Direction from the Pros

Dr. Thomas Shawker of the National Institutes of Health and author of Unlocking Your Genetic History has the short answer for why people should create a family medical history: “To see if they or their children are at risk either for a known genetic disease or for one that . . . has a genetic component.” And U.S. Surgeon General Richard H. Carmona is even more blunt: “Knowing your family’s medical history can save your life.”

Creating such a personal, even private, history for the people in your family tree may seem a little daunting. But it’s not.

A family health history is essentially a family tree that tracks the broken branches, blights, and beetles that have troubled it over the years. Cold, flu, mumps, chicken pox, and a sprained ankle caused by jumping off the jungle gym aren’t included. The focus here is any disease with a genetic component that can be passed from generation to generation.

For this ancestral chart, along with names and dates, you’ll want to note whether anybody has had one of the Surgeon General’s big six: heart disease, stroke, colon cancer, breast cancer, ovarian cancer, or diabetes. Other health problems to include are Alzheimer’s, high blood pressure, depression, high cholesterol, infertility, miscarriages, deafness, arthritis, asthma, learning disabilities, and allergies.

Going Somewhere with the Subject

Bill Hockett, executive vice president of communications at Myriad Genetics, a genetic research and testing company that makes tools that can be used to determine a person’s risk for cancer, emphasizes the importance of accurate information. “My grandmother died of cancer,” he says. “We were told it was stomach cancer, but it was actually ovarian cancer.” Hockett attributes the misinformation to society’s attitude at the time—his grandmother died in an era when people weren’t comfortable talking about anything associated with reproductive organs.

Because treatment and detection can vary so greatly from one disease to the next, and because so many more conditions are treatable today, accuracy is integral. So is going back further than just the members of your household.

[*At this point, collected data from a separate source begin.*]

lemma C_collection_chain_values:
  assumes "S \<subseteq> {1..}"
  shows "C_collection n g beta (chain_values S)"
  unfolding C_collection_def
  using chain_values_pos[OF assms] chain_values_add_semigrp chain_values_jump[OF assms] by simp

lemma subset_chain_values: "S \<subseteq> chain_values S"
proof
  fix k assume "k \<in> S"
  moreover have "jump_chain k 0 a b" for a b by (simp add: jump_chain_def)
  ultimately show "k \<in> chain_values S"
    unfolding chain_values_def using zero_in_semigrp by fastforce
qed

lemma chain_value_mem_C_collection:
  assumes T: "C_collection n g beta T" and "k \<in> T" and "jump_chain k r a b"
  shows "k + jump_sum r a b \<in> T"
  using assms(3)
proof (induction r)
  case 0
  then show ?case using \<open>k \<in> T\<close> by simp
next
  case (Suc r)
  have "k + jump_sum r a b \<in> T" using Suc jump_chain_prefix[of k "Suc r" a b r] by simp
  moreover have "k + jump_sum r a b \<le> B (a (Suc r))"
    using chain_value_le_next_start[OF Suc.prems] .
  moreover have ab: "a (Suc r) \<in> {1..g}" "b (Suc r) \<in> {1..g}" "B (a (Suc r)) < B (b (Suc r))"
    using Suc.prems by (auto simp: jump_chain_def)
  moreover have "a (Suc r) \<le> b (Suc r)" using betabar_less_imp_less[OF ab] by simp
  ultimately have "k + jump_sum r a b + B (b (Suc r)) - B (a (Suc r)) \<in> T"
    using T unfolding C_collection_def by auto
  then show ?case by (simp add: jump_sum_Suc algebra_simps)
qed

lemma chain_values_subset_C_collection:
  assumes T: "C_collection n g beta T" and "S \<subseteq> T"
  shows "chain_values S \<subseteq> T"
proof
  fix x assume "x \<in> chain_values S"
  then obtain r a b k s where "k \<in> S" "s \<in> semigrp n g beta" "jump_chain k r a b"
      and x: "x = k + jump_sum r a b + s"
    unfolding chain_values_def by blast
  then have "k + jump_sum r a b \<in> T"
    using chain_value_mem_C_collection[OF T] assms(2) by blast
  then show "x \<in> T"
    using T \<open>s \<in> semigrp n g beta\<close> x unfolding C_collection_def by blast
qed

lemma C_hull_eq_chain_values:
  assumes "S \<subseteq> {1..}"
  shows "C_hull n g beta S = chain_values S"
  unfolding C_hull_def
proof (rule antisym)
  show "\<Inter> {T. C_collection n g beta T \<and> S \<subseteq> T} \<subseteq> chain_values S"
    using C_collection_chain_values[OF assms] subset_chain_values by (intro Inter_lower) blast
  show "chain_values S \<subseteq> \<Inter> {T. C_collection n g beta T \<and> S \<subseteq> T}"
    using chain_values_subset_C_collection by (intro Inter_greatest) blast
qed

end

theorem mainTheorem6:
  fixes n g :: nat and beta :: "nat \<Rightarrow> nat" and S :: "int set"
  assumes "is_branch_char n g beta"
    and "S \<subseteq> {1..}"
  shows "C_hull n g beta S =
    {x. \<exists>(r::nat) (a::nat \<Rightarrow> nat) (b::nat \<Rightarrow> nat) k s.
          k \<in> S \<and> s \<in> semigrp n g beta \<and>
          (\<forall>i \<in> {1..r}. a i \<in> {1..g} \<and> b i \<in> {1..g}) \<and>
          (1 \<le> r \<longrightarrow> k \<le> betabar n beta (a 1)) \<and>
          (\<forall>i \<in> {1..r}. betabar n beta (a i) < betabar n beta (b i)) \<and>
          (\<forall>i. 1 \<le> i \<and> i < r \<longrightarrow> betabar n beta (b i) \<le> betabar n beta (a (Suc i))) \<and>
          x = k + (\<Sum>i = 1..r. betabar n beta (b i) - betabar n beta (a i)) + s}"
proof -
  interpret plane_branch n g beta by (rule plane_branch.intro) (fact assms(1))
  show ?thesis
    unfolding C_hull_eq_chain_values[OF assms(2)] chain_values_def jump_chain_def jump_sum_def
    by (simp only: conj_assoc)
qed

end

At the very least, Shawker recommends charting medical conditions back to grandparents on both sides, and preferably on to great-grandparents, “if the medical information is reliable.” As you build your chart, Shawker says, look for patterns or “clusters of the same common disease, especially those common diseases such as stroke or heart disease occurring at an early age.”

Shawker advises branching out as well. “Go laterally to those cousins, aunts, and uncles that you haven’t seen in years.” While these are second-degree relatives, you still share 25 percent of your genes.

Collecting Facts

In 2004, the Surgeon General declared Thanksgiving Day as National Family History Day to encourage families to use holiday get-togethers as a time and place to talk about family health. While this may seem a little macabre up front, think about it: who doesn’t like to complain about their little aches and pains?

When you sit down to collect family medical information, realize that due to privacy laws, researching medical records is almost entirely out of the question. But social gatherings are not.

Start at the family reunion. Pass out a survey or make some phone calls. Look for clues in death certificates and obituaries. Talking to other family members is important because your genetic history doesn’t belong strictly to you—you share half your genes with all your first-degree relatives (children, parents, siblings), a quarter with your second-degree relatives, and so on. Any health history you gather is part of their health history, too.

And with all of those ounces of prevention—that’s got to be worth more than a pound or two of cure.

Paul Rawlins is a writer and proud owner of his own recently created family health history—with a gap here and there that he’ll try to get over at the next family reunion.